_WHAT THE TASK REQUIRES_: From the data below, copy each line that includes the word "symmetric".

[Records from a data source]
== == ==
(* Consider the anti-coordination game ($\mathcal V_a=\mathcal V$). (1) If $x^*$ is a Nash equilibrium and $z^*=z(x^* )$, then for every $\epsilon_a\in(\tfrac1n,\tfrac2n]$, $$G_a\!\left(\tfrac{n}{n-1}(z^*-\epsilon_a)\right)\ \ge\ z^*\ \ge\ G_a\!\left(\tfrac{n}{n-1}z^*\right).$$ (2) Conversely, if $z^*\in\{0,\tfrac1n,\dots,1\}$ satisfies these inequalities for every $\epsilon_a\in(\tfrac1n,\tfrac2n]$, then there exists a Nash equilibrium $x^*$ with $z(x^* )=z^*$.
   Context: Let $\mathcal V$ be a finite set of $n\ge2$ agents, all anti-coordinating. Given real weights $d_i$, the anti-coordination game has action set $\{-1,+1\}$, configuration space $\mathcal X=\{-1,+1\}^{\mathcal V}$ and utilities $u_i(x)=-\big(\sum_{j\neq i}x_ix_j-d_ix_i\big)$. A (pure) Nash equilibrium is an $x\in\mathcal X$ with $u_i(x)\ge u_i(y_i,x_{-i})$ for all $i$ and $y_i\in\{-1,+1\}$. Thresholds: $r_i=\tfrac12+\tfrac{d_i}{2(n-1)}$. For $x\in\mathcal X$, $z(x)=\frac1n|\{i: x_i=+1\}|$. The threshold complementary CDF is $G_a(t)=\frac1n|\{i\in\mathcal V: r_i> t\}|$, $t\in\mathbb R$. *)

theory Defs
  imports "HOL-Analysis.Analysis" "HOL-Library.FuncSet"
begin

definition configs :: "'a set \<Rightarrow> ('a \<Rightarrow> real) set" where
  "configs V = V \<rightarrow>\<^sub>E {-1, 1}"

definition util_a :: "'a set \<Rightarrow> ('a \<Rightarrow> real) \<Rightarrow> 'a \<Rightarrow> ('a \<Rightarrow> real) \<Rightarrow> real" where
  "util_a V d i x = - ((\<Sum>j\<in>V - {i}. x i * x j) - d i * x i)"

definition nash_a :: "'a set \<Rightarrow> ('a \<Rightarrow> real) \<Rightarrow> ('a \<Rightarrow> real) \<Rightarrow> bool" where
  "nash_a V d x \<longleftrightarrow> x \<in> configs V \<and>
     (\<forall>i\<in>V. \<forall>y\<in>{-1, 1::real}. util_a V d i x \<ge> util_a V d i (x(i := y)))"

definition thr :: "'a set \<Rightarrow> ('a \<Rightarrow> real) \<Rightarrow> 'a \<Rightarrow> real" where
  "thr V d i = 1/2 + d i / (2 * (real (card V) - 1))"

definition zfrac :: "'a set \<Rightarrow> ('a \<Rightarrow> real) \<Rightarrow> real" where
  "zfrac V x = real (card {i\<in>V. x i = 1}) / real (card V)"

definition Ga :: "'a set \<Rightarrow> ('a \<Rightarrow> real) \<Rightarrow> real \<Rightarrow> real" where
  "Ga V d t = real (card {i\<in>V. thr V d i > t}) / real (card V)"

end

theory Submission imports Defs begin

text \<open>With m agents playing +1, agent i's best response depends only on how its threshold
  compares with m/(n-1): agents playing +1 are stable iff r i \<ge> (m-1)/(n-1), agents
  playing -1 iff r i \<le> m/(n-1). Counting the agents on either side of these cut points
  gives the inequalities for G_a; the shift by \<epsilon> turns the non-strict cut (m-1)/(n-1) into
  the strict comparison used by G_a. Conversely, the inequalities give
  |{r i > k/(n-1)}| \<le> k \<le> |{r i \<ge> (k-1)/(n-1)}|, and any k agents chosen between these two
  sets form an equilibrium.\<close>

lemma sum_configs:
  assumes "finite V" "x \<in> configs V"
  shows "(\<Sum>j\<in>V. x j) = 2 * real (card {i\<in>V. x i = 1}) - real (card V)"
proof -
  let ?P = "{i\<in>V. x i = 1}"
  have minus: "\<And>j. j \<in> V - ?P \<Longrightarrow> x j = -1" using assms(2) unfolding configs_def by auto
  have "(\<Sum>j\<in>V. x j) = (\<Sum>j\<in>?P. x j) + (\<Sum>j\<in>V - ?P. x j)"
    using assms(1) by (metis (no_types, lifting) sum.subset_diff add.commute mem_Collect_eq subsetI)
  also have "\<dots> = real (card ?P) - real (card (V - ?P))"
    using sum.cong[OF refl minus, of "V - ?P"] by simp
  also have "real (card (V - ?P)) = real (card V) - real (card ?P)"
    using assms(1) by (simp add: card_Diff_subset card_mono of_nat_diff)
  finally show ?thesis by simp
qed

lemma util_a_fun_upd:
  assumes "finite V" "i \<in> V"
  shows "util_a V d i (x(i := y)) = - (y * ((\<Sum>j\<in>V. x j) - x i - d i))"
  using assms by (simp add: util_a_def sum_distrib_left[symmetric] sum_diff1 algebra_simps)

lemma thr_ge_iff:
  assumes "card V \<ge> 2"
  shows "c / (real (card V) - 1) \<le> thr V d i \<longleftrightarrow> 2 * c - (real (card V) - 1) \<le> d i"
proof -
  have "c / k \<le> 1/2 + D / (2 * k) \<longleftrightarrow> 2 * c - k \<le> D" if "k > 0" for k D :: real
    using that by (simp add: field_simps)
  from this[of "real (card V) - 1" "d i"] show ?thesis using assms unfolding thr_def by simp
qed

lemma thr_le_iff:
  assumes "card V \<ge> 2"
  shows "thr V d i \<le> c / (real (card V) - 1) \<longleftrightarrow> d i \<le> 2 * c - (real (card V) - 1)"
proof -
  have "1/2 + D / (2 * k) \<le> c / k \<longleftrightarrow> D \<le> 2 * c - k" if "k > 0" for k D :: real
    using that mult_le_cancel_right_pos[of k "D + k" "2 * c"] by (simp add: field_simps)
  from this[of "real (card V) - 1" "d i"] show ?thesis using assms unfolding thr_def by simp
qed

lemma nash_a_iff_thr:
  assumes "finite V" "card V \<ge> 2" "x \<in> configs V"
  defines "m \<equiv> real (card {i\<in>V. x i = 1})" and "n \<equiv> real (card V)"
  shows "nash_a V d x \<longleftrightarrow>
    (\<forall>i\<in>V. (x i = 1 \<longrightarrow> (m - 1) / (n - 1) \<le> thr V d i) \<and>
           (x i \<noteq> 1 \<longrightarrow> thr V d i \<le> m / (n - 1)))"
proof -
  have S: "(\<Sum>j\<in>V. x j) = 2 * m - n" using sum_configs[OF assms(1,3)] by (simp add: m_def n_def)
  have stable_iff: "(\<forall>y\<in>{-1, 1::real}. util_a V d i (x(i := y)) \<le> util_a V d i x) \<longleftrightarrow>
      (x i = 1 \<longrightarrow> (m - 1) / (n - 1) \<le> thr V d i) \<and> (x i \<noteq> 1 \<longrightarrow> thr V d i \<le> m / (n - 1))"
    if i: "i \<in> V" for i
  proof -
    have "x i = 1 \<or> x i = -1" using assms(3) i unfolding configs_def by auto
    moreover have "util_a V d i x = - (x i * ((\<Sum>j\<in>V. x j) - x i - d i))"
      using util_a_fun_upd[OF assms(1) i, of d x "x i"] by simp
    ultimately show ?thesis
      using util_a_fun_upd[OF assms(1) i] thr_ge_iff[OF assms(2)] thr_le_iff[OF assms(2)]
      by (auto simp: S n_def)
  qed
  show ?thesis unfolding nash_a_def using stable_iff assms(3) by auto
qed

lemma Ga_le_iff:
  assumes "V \<noteq> {}" "finite V"
  shows "Ga V d t \<le> real k / real (card V) \<longleftrightarrow> card {i\<in>V. t < thr V d i} \<le> k"
  using assms by (simp add: Ga_def divide_le_cancel card_gt_0_iff)

lemma Ga_ge_iff:
  assumes "V \<noteq> {}" "finite V"
  shows "real k / real (card V) \<le> Ga V d t \<longleftrightarrow> k \<le> card {i\<in>V. t < thr V d i}"
  using assms by (simp add: Ga_def divide_le_cancel card_gt_0_iff)

lemma nash_a_Ga_upper:
  assumes "finite V" "card V \<ge> 2" "nash_a V d x"
  defines "n \<equiv> real (card V)"
  shows "Ga V d (n / (n - 1) * zfrac V x) \<le> zfrac V x"
proof -
  define P where "P = {i\<in>V. x i = 1}"
  have V: "V \<noteq> {}" using assms(2) by auto
  have x: "x \<in> configs V" using assms(3) unfolding nash_a_def by blast
  have arg: "n / (n - 1) * zfrac V x = real (card P) / (n - 1)"
    using V assms(1) by (simp add: zfrac_def n_def P_def)
  have "{i\<in>V. real (card P) / (n - 1) < thr V d i} \<subseteq> P"
    using assms(3) nash_a_iff_thr[OF assms(1,2) x] by (force simp: P_def n_def)
  then have "card {i\<in>V. real (card P) / (n - 1) < thr V d i} \<le> card P"
    using assms(1) by (simp add: card_mono P_def)
  then show ?thesis unfolding arg using Ga_le_iff[OF V assms(1)] by (simp add: zfrac_def P_def)
qed

lemma nash_a_Ga_lower:
  assumes "finite V" "card V \<ge> 2" "nash_a V d x"
  defines "n \<equiv> real (card V)"
  assumes "1 / n < \<epsilon>"
  shows "zfrac V x \<le> Ga V d (n / (n - 1) * (zfrac V x - \<epsilon>))"
proof -
  define P where "P = {i\<in>V. x i = 1}"
  have V: "V \<noteq> {}" and n1: "n > 1" using assms(2) by (auto simp: n_def)
  have x: "x \<in> configs V" using assms(3) unfolding nash_a_def by blast
  have arg: "n / (n - 1) * (zfrac V x - \<epsilon>) = (real (card P) - n * \<epsilon>) / (n - 1)"
    using n1 by (simp add: zfrac_def n_def[symmetric] P_def field_simps)
  have "n * \<epsilon> > 1" using assms(5) n1 by (simp add: field_simps)
  then have "(real (card P) - n * \<epsilon>) / (n - 1) < (real (card P) - 1) / (n - 1)"
    using n1 by (simp add: divide_strict_right_mono)
  then have "P \<subseteq> {i\<in>V. (real (card P) - n * \<epsilon>) / (n - 1) < thr V d i}"
    using assms(3) nash_a_iff_thr[OF assms(1,2) x] by (force simp: P_def n_def)
  then have "card P \<le> card {i\<in>V. (real (card P) - n * \<epsilon>) / (n - 1) < thr V d i}"
    using assms(1) by (simp add: card_mono)
  then show ?thesis unfolding arg using Ga_ge_iff[OF V assms(1)] by (simp add: zfrac_def P_def)
qed

lemma exists_subset_between_card:
  assumes "A \<subseteq> B" "finite B" "card A \<le> k" "k \<le> card B"
  obtains P where "A \<subseteq> P" "P \<subseteq> B" "card P = k"
proof -
  have "k - card A \<le> card (B - A)"
    using assms by (simp add: card_Diff_subset finite_subset)
  then obtain Q where Q: "Q \<subseteq> B - A" "card Q = k - card A" "finite Q"
    by (rule obtain_subset_with_card_n)
  have "card (A \<union> Q) = k"
    using Q assms by (subst card_Un_disjoint) (auto intro: finite_subset)
  then show ?thesis using that[of "A \<union> Q"] Q assms(1) by blast
qed

lemma nash_a_exists_card:
  assumes "finite V" "card V \<ge> 2"
  defines "n \<equiv> real (card V)"
  assumes "card {i\<in>V. real k / (n - 1) < thr V d i} \<le> k"
    and "k \<le> card {i\<in>V. (real k - 1) / (n - 1) \<le> thr V d i}"
  obtains x where "nash_a V d x" "card {i\<in>V. x i = 1} = k"
proof -
  have n1: "n > 1" using assms(2) by (simp add: n_def)
  have sub: "{i\<in>V. real k / (n - 1) < thr V d i} \<subseteq> {i\<in>V. (real k - 1) / (n - 1) \<le> thr V d i}"
    using n1 divide_right_mono[of "real k - 1" "real k" "n - 1"] by auto
  have fin: "finite {i\<in>V. (real k - 1) / (n - 1) \<le> thr V d i}" using assms(1) by simp
  obtain P where P: "{i\<in>V. real k / (n - 1) < thr V d i} \<subseteq> P"
    "P \<subseteq> {i\<in>V. (real k - 1) / (n - 1) \<le> thr V d i}" "card P = k"
    using exists_subset_between_card[OF sub fin assms(4,5)] by blast
  define x where "x = restrict (\<lambda>i. if i \<in> P then 1 else -1 :: real) V"
  have x: "x \<in> configs V" unfolding configs_def x_def by auto
  have ones: "{i\<in>V. x i = 1} = P" using P(2) unfolding x_def by auto
  have "nash_a V d x"
    unfolding nash_a_iff_thr[OF assms(1,2) x] ones P(3) n_def[symmetric]
    using P(1,2) by (force simp: x_def)
  then show ?thesis using that ones P(3) by blast
qed

text \<open>The finitely many thresholds leave a gap just below any a; shifting by \<epsilon> lands in it.\<close>

lemma exists_gap_below:
  fixes S :: "real set"
  assumes "finite S" "c < a"
  obtains t where "c \<le> t" "t < a" "\<forall>s\<in>S. s < a \<longrightarrow> s < t"
proof (cases "{s\<in>S. s < a} = {}")
  case True
  then show ?thesis using that[of c] assms(2) by auto
next
  case False
  define M where "M = Max {s\<in>S. s < a}"
  have "M < a" "\<forall>s\<in>S. s < a \<longrightarrow> s \<le> M"
    using False assms(1) Max_in[of "{s\<in>S. s < a}"] by (auto simp: M_def)
  show ?thesis
  proof (rule that[of "max c ((M + a) / 2)"])
    show "\<forall>s\<in>S. s < a \<longrightarrow> s < max c ((M + a) / 2)"
      using \<open>M < a\<close> \<open>\<forall>s\<in>S. s < a \<longrightarrow> s \<le> M\<close> by (auto simp: less_max_iff_disj)
  qed (use \<open>M < a\<close> assms(2) in auto)
qed

lemma nash_a_exists_of_Ga:
  assumes "finite V" "card V \<ge> 2"
  defines "n \<equiv> real (card V)"
  assumes "k \<le> card V"
    and lower: "\<And>\<epsilon>. 1 / n < \<epsilon> \<Longrightarrow> \<epsilon> \<le> 2 / n \<Longrightarrow> real k / n \<le> Ga V d (n / (n - 1) * (real k / n - \<epsilon>))"
    and upper: "Ga V d (n / (n - 1) * (real k / n)) \<le> real k / n"
  obtains x where "nash_a V d x" "zfrac V x = real k / n"
proof -
  have V: "V \<noteq> {}" and n1: "n > 1" using assms(2) by (auto simp: n_def)
  define a where "a = (real k - 1) / (n - 1)"
  have "(real k - 2) / (n - 1) < a" unfolding a_def using n1 by (simp add: divide_strict_right_mono)
  then obtain t where t: "(real k - 2) / (n - 1) \<le> t" "t < a"
    and gap: "\<forall>s\<in>thr V d ` V. s < a \<longrightarrow> s < t"
    using exists_gap_below[of "thr V d ` V"] assms(1) by blast
  define \<epsilon> where "\<epsilon> = (real k - t * (n - 1)) / n"
  have "t * (n - 1) < real k - 1" "real k - 2 \<le> t * (n - 1)"
    using t n1 by (simp_all add: a_def pos_less_divide_eq pos_divide_le_eq)
  then have "1 / n < \<epsilon>" "\<epsilon> \<le> 2 / n"
    unfolding \<epsilon>_def using n1 by (simp_all add: divide_strict_right_mono divide_right_mono)
  moreover have "n / (n - 1) * (real k / n - \<epsilon>) = t"
    using n1 by (simp add: \<epsilon>_def field_simps)
  ultimately have "k \<le> card {i\<in>V. t < thr V d i}"
    using lower[of \<epsilon>] Ga_ge_iff[OF V assms(1)] by (simp add: n_def)
  also have "\<dots> \<le> card {i\<in>V. a \<le> thr V d i}"
    using assms(1) gap by (intro card_mono) (auto simp: not_le[symmetric])
  finally have "k \<le> card {i\<in>V. (real k - 1) / (n - 1) \<le> thr V d i}" by (simp add: a_def)
  moreover have "card {i\<in>V. real k / (n - 1) < thr V d i} \<le> k"
    using upper Ga_le_iff[OF V assms(1)] n1 by (simp add: n_def)
  ultimately obtain x where "nash_a V d x" "card {i\<in>V. x i = 1} = k"
    using nash_a_exists_card[OF assms(1,2)] unfolding n_def by blast
  then show ?thesis using that by (simp add: zfrac_def n_def)
qed

theorem corollary2:
  fixes V :: "'a set" and d :: "'a \<Rightarrow> real"
  assumes "finite V" and "card V \<ge> 2"
  defines "n \<equiv> real (card V)"
  shows "(\<forall>x. nash_a V d x \<longrightarrow>
            (\<forall>\<epsilon>. 1/n < \<epsilon> \<and> \<epsilon> \<le> 2/n \<longrightarrow>
               Ga V d (n/(n-1) * (zfrac V x - \<epsilon>)) \<ge> zfrac V x \<and>
               zfrac V x \<ge> Ga V d (n/(n-1) * zfrac V x)))
       \<and> (\<forall>z. (\<exists>k::nat. k \<le> card V \<and> z = real k / n) \<longrightarrow>
            (\<forall>\<epsilon>. 1/n < \<epsilon> \<and> \<epsilon> \<le> 2/n \<longrightarrow>
               Ga V d (n/(n-1) * (z - \<epsilon>)) \<ge> z \<and> z \<ge> Ga V d (n/(n-1) * z)) \<longrightarrow>
            (\<exists>x. nash_a V d x \<and> zfrac V x = z))"
proof (intro conjI allI impI)
  fix x \<epsilon> assume "nash_a V d x" and "1/n < \<epsilon> \<and> \<epsilon> \<le> 2/n"
  then show "Ga V d (n/(n-1) * (zfrac V x - \<epsilon>)) \<ge> zfrac V x"
    and "zfrac V x \<ge> Ga V d (n/(n-1) * zfrac V x)"
    using nash_a_Ga_lower[OF assms(1,2)] nash_a_Ga_upper[OF assms(1,2)] by (auto simp: n_def)
next
  fix z assume "\<exists>k::nat. k \<le> card V \<and> z = real k / n"
  then obtain k where k: "k \<le> card V" "z = real k / n" by blast
  assume "\<forall>\<epsilon>. 1/n < \<epsilon> \<and> \<epsilon> \<le> 2/n \<longrightarrow>
            Ga V d (n/(n-1) * (z - \<epsilon>)) \<ge> z \<and> z \<ge> Ga V d (n/(n-1) * z)"
  moreover have "1/n < 2/n" using assms(2) by (simp add: n_def divide_strict_right_mono)
  ultimately obtain x where "nash_a V d x" "zfrac V x = z"
    using nash_a_exists_of_Ga[OF assms(1,2) k(1), of d] unfolding k(2) n_def by blast
  then show "\<exists>x. nash_a V d x \<and> zfrac V x = z" by blast
qed

end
== == ==
_ANSWER FOR THE TASK_:
  using assms by (simp add: util_a_def sum_distrib_left[symmetric] sum_diff1 algebra_simps)
    using n1 by (simp add: zfrac_def n_def[symmetric] P_def field_simps)
    unfolding nash_a_iff_thr[OF assms(1,2) x] ones P(3) n_def[symmetric]
    using assms(1) gap by (intro card_mono) (auto simp: not_le[symmetric])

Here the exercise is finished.